= Grace Bauer =

American poet

Grace Bauer is an American poet. She lives in Nebraska, grew up in Pennsylvania and has also lived in New Orleans, Montana, Virginia and Massachusetts.

== Biography ==
Bauer received her BA in journalism from Temple University. She received her MFA in Poetry from the University of Massachusetts Amherst's MFA Program for Poets & Writers.

She has taught at the University of Nebraska–Lincoln since 1994, where she serves as Coordinator of Creative Writing and as a reader for Prairie Schooner. Bauer was also the recipient of the Sorenson Award for Distinguished Teaching in the Humanities.

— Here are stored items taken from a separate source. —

lemma canon_map_deriv_energy:
  assumes "0 < a" "(canon_map m l has_derivative L) (at (\<theta>, a))"
  shows "Vf m l \<theta> a * snd (L (0, 1)) - force (Rf m l \<theta> a) * fst (L (0, 1)) = a"
proof -
  define R V F where "R = Rf m l \<theta> a" and "V = Vf m l \<theta> a" and "F = force R"
  let ?S = "UNIV \<times> {0<..} :: (real \<times> real) set"
  have "open ?S" "(\<theta>, a) \<in> ?S"
    using assms(1) by (auto intro: open_Times)
  have "0 < R"
    unfolding R_def using Rf_pos[OF assms(1)] .
  then have "((\<lambda>z. energy (fst z) (snd z)) has_derivative (\<lambda>h. - 2 * F * fst h + 2 * V * snd h))
      (at (R, V))"
    by (auto intro!: derivative_eq_intros simp: F_def field_simps power2_eq_square power3_eq_cube)
  moreover have "canon_map m l (\<theta>, a) = (R, V)"
    by (simp add: canon_map_def R_def V_def)
  ultimately have "((\<lambda>z. energy (fst (canon_map m l z)) (snd (canon_map m l z))) has_derivative
      (\<lambda>h. - 2 * F * fst (L h) + 2 * V * snd (L h))) (at (\<theta>, a))"
    using has_derivative_compose[OF assms(2)] by (simp add: o_def)
  moreover have "((\<lambda>z. energy (fst (canon_map m l z)) (snd (canon_map m l z))) has_derivative
      (\<lambda>h. 2 * a * snd h)) (at (\<theta>, a))"
  proof (rule has_derivative_transform_within_open[OF _ \<open>open ?S\<close> \<open>(\<theta>, a) \<in> ?S\<close>])
    show "((\<lambda>z. (snd z)^2) has_derivative (\<lambda>h. 2 * a * snd h)) (at (\<theta>, a))"
      by (auto intro!: derivative_eq_intros)
    show "(snd z)^2 = energy (fst (canon_map m l z)) (snd (canon_map m l z))" if "z \<in> ?S" for z
      using that energy_canon_map by (auto simp: canon_map_def)
  qed
  ultimately have "(\<lambda>h. - 2 * F * fst (L h) + 2 * V * snd (L h)) = (\<lambda>h. 2 * a * snd h)"
    by (rule has_derivative_unique)
  from fun_cong[OF this, of "(0, 1)"] have "2 * (V * snd (L (0, 1)) - F * fst (L (0, 1))) = 2 * a"
    by (simp add: algebra_simps)
  then show ?thesis
    unfolding R_def[symmetric] V_def[symmetric] F_def[symmetric] by simp
qed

Bauer has been published in DoubleTake, Poetry, South Dakota Review, Michigan Quarterly Review, Southern Poetry Review, New Orleans Review, and elsewhere.

== Awards ==
While at University of Massachusetts Amherst, Bauer won the Academy of American Poets Prize. Her other awards include an Individual Artist's Grant from the Virginia Commission for the Arts, a Diggs Teaching Scholar Award and Women's Research Institute Grant from Virginia Tech, the Irene Leache Poetry Prize, a Nebraska Arts Council Award, and fellowships from the Virginia Center for the Creative Arts. She also won the 1999 Snail's Pace Press Chapbook Competition. In 2015, she was the recipient of the Society of Midland Authors' Award for Poetry for her book Nowhere All at Once.

==Books==
- Where You've Seen Her (Pennywhistle Press, 1993)
- The House Where I've Never Lived (Anabiosis P, 1993)
- The Women at the Well (Portals Press, 1997)
- Field Guide to the Ineffable: Poems on Marcel Duchamp
- Beholding Eye (Custom Words, 2006)
- Umpteen Ways of Looking at a Possum: Creative and Critical Responses to Everette Maddox (Xavier Review Press, Fall 2006).
- Retreats and Recognitions (Lost Horse Press, 2007)
- Nowhere All at Once (Stephen F. Austin University Press, 2014)
- The Women at the Well (Stephen F. Austin University Press, forthcoming 2016)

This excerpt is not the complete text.